### ASSIGNMENT
For the records below, print the lines from the line with "list set \<Rightarrow>" through the line with "define accepted_from where" exactly as written; include both end lines and exclude the rest.

### INPUT DATA

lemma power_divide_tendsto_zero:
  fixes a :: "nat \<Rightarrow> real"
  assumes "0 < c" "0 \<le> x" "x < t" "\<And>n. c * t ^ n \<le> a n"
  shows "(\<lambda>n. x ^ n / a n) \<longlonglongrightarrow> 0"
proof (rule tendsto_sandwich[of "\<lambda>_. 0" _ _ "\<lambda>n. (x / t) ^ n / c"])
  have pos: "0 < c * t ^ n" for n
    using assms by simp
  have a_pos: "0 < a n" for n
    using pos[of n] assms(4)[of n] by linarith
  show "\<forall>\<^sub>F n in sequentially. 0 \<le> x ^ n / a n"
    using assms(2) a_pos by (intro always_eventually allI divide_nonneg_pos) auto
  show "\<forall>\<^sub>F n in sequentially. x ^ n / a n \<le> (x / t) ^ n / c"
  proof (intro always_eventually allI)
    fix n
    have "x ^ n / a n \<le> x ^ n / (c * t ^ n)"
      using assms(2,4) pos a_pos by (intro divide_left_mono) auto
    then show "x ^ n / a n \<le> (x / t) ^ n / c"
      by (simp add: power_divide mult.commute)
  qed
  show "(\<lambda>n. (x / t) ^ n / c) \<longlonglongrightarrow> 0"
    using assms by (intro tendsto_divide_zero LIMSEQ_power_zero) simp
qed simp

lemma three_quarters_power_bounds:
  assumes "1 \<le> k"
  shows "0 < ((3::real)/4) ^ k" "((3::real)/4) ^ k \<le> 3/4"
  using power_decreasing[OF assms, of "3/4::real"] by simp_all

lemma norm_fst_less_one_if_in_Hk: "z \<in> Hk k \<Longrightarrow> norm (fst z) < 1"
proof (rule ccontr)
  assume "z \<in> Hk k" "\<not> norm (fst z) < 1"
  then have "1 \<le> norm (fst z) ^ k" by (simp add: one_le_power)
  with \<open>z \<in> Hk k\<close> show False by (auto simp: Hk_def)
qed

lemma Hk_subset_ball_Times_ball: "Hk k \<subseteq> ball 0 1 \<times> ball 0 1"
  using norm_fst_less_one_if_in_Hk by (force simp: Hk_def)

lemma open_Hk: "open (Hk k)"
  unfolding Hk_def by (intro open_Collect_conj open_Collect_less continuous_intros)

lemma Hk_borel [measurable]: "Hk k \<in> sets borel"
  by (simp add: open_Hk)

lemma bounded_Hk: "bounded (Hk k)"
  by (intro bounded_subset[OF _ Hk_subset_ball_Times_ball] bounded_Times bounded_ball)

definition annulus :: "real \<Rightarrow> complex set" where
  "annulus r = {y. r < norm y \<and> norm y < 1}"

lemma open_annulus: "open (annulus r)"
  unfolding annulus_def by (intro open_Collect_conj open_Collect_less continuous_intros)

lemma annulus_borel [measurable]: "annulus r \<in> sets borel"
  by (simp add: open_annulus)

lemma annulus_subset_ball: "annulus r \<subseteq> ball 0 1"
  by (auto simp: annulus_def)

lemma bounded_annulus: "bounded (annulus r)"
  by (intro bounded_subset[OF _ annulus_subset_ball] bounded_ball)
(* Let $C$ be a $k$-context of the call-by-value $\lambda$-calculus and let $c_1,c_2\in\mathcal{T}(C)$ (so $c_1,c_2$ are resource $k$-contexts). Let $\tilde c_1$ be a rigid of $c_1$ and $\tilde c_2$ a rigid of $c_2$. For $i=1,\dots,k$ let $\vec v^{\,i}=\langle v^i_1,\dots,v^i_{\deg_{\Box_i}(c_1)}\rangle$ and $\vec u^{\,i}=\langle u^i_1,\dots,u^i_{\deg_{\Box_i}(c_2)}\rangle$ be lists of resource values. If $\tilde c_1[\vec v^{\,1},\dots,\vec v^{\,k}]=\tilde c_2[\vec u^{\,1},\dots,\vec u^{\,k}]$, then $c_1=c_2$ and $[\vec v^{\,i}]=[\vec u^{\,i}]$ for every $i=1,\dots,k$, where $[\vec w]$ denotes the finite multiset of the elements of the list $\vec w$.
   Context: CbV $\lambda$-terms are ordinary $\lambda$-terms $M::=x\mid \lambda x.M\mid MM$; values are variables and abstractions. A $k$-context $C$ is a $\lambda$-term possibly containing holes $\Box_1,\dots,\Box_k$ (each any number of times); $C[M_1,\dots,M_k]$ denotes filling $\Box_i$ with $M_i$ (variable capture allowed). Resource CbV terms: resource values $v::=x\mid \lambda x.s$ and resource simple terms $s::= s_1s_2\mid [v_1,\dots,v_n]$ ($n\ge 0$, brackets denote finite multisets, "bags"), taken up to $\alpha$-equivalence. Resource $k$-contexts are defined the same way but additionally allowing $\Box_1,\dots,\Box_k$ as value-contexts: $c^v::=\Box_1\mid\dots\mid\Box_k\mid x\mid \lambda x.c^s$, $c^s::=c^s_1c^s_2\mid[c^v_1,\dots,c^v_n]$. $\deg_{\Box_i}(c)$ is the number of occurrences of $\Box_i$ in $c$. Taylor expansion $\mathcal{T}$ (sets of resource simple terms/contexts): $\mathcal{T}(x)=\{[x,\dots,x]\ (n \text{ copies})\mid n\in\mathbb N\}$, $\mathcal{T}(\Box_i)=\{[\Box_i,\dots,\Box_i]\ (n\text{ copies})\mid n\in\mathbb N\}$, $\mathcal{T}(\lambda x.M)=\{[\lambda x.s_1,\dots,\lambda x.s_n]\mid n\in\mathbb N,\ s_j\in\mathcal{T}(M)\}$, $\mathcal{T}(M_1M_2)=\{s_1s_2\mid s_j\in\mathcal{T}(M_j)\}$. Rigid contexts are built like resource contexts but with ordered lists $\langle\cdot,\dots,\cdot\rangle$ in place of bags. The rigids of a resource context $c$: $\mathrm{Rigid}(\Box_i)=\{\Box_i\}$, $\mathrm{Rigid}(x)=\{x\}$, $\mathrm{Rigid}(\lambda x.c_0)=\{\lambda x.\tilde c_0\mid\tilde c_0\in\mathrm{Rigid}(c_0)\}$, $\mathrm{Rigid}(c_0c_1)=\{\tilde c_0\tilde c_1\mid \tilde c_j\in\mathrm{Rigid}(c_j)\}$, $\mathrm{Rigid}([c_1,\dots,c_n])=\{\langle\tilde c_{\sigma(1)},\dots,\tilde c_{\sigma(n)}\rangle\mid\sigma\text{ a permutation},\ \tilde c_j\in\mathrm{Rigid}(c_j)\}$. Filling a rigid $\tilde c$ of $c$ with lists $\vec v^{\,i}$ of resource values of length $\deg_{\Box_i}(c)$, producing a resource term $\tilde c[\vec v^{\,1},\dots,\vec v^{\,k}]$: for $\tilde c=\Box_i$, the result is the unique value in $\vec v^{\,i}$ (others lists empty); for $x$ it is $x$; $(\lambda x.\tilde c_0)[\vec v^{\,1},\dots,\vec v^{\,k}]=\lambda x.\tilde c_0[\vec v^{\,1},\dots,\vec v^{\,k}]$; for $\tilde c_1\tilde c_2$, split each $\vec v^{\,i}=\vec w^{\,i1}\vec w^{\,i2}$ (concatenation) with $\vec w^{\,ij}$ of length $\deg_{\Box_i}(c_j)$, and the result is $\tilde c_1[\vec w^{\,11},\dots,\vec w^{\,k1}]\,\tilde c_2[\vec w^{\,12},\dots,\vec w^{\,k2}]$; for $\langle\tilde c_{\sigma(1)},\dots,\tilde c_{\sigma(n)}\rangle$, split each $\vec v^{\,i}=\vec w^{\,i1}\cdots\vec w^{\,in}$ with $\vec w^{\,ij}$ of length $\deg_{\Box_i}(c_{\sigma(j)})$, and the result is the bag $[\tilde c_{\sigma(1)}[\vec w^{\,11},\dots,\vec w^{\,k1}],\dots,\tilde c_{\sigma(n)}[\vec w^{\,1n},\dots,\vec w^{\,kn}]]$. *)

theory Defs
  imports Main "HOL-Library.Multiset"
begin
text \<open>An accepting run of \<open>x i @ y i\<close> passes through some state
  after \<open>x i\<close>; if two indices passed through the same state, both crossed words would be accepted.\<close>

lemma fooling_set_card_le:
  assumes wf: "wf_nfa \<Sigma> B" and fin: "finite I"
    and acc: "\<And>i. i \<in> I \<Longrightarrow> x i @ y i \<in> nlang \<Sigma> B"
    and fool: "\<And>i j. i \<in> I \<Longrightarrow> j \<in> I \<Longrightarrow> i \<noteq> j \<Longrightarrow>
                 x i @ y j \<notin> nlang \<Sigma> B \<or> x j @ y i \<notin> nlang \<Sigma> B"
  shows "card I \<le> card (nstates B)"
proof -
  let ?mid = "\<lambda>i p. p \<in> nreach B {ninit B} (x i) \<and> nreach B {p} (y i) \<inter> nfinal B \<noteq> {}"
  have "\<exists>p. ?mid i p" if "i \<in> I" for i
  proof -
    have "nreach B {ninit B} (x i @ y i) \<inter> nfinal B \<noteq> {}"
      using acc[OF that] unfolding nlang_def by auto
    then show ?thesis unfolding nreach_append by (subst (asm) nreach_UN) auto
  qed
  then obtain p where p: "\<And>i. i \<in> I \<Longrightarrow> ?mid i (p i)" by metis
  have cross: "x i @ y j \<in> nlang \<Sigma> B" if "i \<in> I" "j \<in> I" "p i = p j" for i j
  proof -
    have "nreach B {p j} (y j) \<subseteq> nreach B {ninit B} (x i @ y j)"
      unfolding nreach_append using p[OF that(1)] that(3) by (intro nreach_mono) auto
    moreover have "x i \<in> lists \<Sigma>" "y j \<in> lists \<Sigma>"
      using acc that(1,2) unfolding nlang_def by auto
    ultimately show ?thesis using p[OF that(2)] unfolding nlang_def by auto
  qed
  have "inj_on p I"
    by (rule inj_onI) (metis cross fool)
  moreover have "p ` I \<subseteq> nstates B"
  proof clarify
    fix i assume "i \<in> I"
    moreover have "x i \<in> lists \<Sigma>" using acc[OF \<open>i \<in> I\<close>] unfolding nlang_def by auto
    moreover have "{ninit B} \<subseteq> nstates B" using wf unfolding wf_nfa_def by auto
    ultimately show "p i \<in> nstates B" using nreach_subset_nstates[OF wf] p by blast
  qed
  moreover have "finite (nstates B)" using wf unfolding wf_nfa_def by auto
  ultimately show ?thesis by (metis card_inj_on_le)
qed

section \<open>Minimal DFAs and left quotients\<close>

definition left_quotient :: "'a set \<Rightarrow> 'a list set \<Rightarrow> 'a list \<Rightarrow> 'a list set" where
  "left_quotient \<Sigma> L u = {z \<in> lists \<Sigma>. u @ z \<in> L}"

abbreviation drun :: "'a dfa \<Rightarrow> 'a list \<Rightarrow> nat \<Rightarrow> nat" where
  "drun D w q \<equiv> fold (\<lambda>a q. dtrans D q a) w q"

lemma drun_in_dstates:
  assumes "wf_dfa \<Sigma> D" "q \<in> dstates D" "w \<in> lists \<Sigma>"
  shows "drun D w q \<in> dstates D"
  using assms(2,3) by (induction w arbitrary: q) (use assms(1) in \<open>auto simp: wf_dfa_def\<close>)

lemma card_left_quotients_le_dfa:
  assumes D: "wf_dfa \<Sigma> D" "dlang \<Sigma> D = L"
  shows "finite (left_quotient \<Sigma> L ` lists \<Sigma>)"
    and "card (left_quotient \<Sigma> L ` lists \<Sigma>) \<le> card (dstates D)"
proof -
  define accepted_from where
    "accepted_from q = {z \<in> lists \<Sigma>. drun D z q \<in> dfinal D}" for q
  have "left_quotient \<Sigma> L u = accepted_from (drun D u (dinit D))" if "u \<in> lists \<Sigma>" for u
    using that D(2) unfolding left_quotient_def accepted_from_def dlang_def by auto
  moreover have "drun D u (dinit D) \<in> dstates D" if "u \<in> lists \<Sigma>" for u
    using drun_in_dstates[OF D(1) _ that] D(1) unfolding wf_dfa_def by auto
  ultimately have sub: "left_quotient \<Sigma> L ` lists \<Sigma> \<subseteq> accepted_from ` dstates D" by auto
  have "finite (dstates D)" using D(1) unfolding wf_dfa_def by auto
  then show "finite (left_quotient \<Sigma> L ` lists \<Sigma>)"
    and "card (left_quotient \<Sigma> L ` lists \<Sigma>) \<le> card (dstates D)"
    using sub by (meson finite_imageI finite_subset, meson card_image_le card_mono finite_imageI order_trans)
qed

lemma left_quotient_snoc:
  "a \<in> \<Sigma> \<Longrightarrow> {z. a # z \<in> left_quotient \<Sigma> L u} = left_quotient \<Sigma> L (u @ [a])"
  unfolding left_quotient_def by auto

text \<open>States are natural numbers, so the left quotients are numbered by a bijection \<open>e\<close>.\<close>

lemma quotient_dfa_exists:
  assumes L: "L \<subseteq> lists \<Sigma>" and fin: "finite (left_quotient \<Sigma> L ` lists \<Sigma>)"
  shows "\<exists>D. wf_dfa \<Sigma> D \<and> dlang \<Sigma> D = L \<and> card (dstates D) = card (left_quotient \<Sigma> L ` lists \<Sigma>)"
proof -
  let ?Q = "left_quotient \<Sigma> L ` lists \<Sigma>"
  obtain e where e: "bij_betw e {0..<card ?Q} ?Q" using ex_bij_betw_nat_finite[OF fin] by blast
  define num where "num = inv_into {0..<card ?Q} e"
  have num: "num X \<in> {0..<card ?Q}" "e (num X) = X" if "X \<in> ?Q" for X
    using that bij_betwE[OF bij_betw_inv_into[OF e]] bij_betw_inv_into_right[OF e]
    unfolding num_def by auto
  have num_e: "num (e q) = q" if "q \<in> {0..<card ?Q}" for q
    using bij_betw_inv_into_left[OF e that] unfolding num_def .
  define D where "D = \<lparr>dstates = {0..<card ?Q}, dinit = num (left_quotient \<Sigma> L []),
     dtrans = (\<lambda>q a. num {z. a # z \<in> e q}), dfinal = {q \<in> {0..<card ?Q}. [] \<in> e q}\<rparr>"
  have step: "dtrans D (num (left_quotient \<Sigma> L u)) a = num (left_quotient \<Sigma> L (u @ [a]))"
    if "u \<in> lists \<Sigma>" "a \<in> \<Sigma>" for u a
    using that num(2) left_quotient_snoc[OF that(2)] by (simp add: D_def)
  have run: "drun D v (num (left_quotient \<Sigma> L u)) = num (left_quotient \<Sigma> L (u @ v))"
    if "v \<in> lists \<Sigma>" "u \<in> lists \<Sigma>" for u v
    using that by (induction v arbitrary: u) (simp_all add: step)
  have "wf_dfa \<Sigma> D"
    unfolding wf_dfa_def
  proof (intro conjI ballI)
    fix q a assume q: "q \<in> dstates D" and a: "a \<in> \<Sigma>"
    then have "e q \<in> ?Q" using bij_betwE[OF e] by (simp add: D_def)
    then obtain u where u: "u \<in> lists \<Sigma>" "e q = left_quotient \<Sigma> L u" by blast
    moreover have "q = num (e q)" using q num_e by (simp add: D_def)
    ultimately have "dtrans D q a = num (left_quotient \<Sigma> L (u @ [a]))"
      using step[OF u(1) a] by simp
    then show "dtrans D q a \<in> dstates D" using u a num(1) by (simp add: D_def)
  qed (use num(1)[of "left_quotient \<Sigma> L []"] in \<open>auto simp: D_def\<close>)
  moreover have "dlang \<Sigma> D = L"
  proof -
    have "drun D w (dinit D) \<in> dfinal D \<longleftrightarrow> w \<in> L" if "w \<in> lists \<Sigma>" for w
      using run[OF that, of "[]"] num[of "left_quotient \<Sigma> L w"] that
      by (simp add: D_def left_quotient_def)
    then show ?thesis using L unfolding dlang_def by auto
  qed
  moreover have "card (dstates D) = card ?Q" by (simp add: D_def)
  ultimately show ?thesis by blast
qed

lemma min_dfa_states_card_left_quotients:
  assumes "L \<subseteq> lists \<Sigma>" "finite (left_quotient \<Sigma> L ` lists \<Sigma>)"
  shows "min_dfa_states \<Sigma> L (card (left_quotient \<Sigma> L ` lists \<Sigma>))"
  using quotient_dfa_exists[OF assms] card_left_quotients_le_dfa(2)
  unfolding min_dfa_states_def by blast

### YOUR RESPONSE
definition left_quotient :: "'a set \<Rightarrow> 'a list set \<Rightarrow> 'a list \<Rightarrow> 'a list set" where
  "left_quotient \<Sigma> L u = {z \<in> lists \<Sigma>. u @ z \<in> L}"

abbreviation drun :: "'a dfa \<Rightarrow> 'a list \<Rightarrow> nat \<Rightarrow> nat" where
  "drun D w q \<equiv> fold (\<lambda>a q. dtrans D q a) w q"

lemma drun_in_dstates:
  assumes "wf_dfa \<Sigma> D" "q \<in> dstates D" "w \<in> lists \<Sigma>"
  shows "drun D w q \<in> dstates D"
  using assms(2,3) by (induction w arbitrary: q) (use assms(1) in \<open>auto simp: wf_dfa_def\<close>)

lemma card_left_quotients_le_dfa:
  assumes D: "wf_dfa \<Sigma> D" "dlang \<Sigma> D = L"
  shows "finite (left_quotient \<Sigma> L ` lists \<Sigma>)"
    and "card (left_quotient \<Sigma> L ` lists \<Sigma>) \<le> card (dstates D)"
proof -
  define accepted_from where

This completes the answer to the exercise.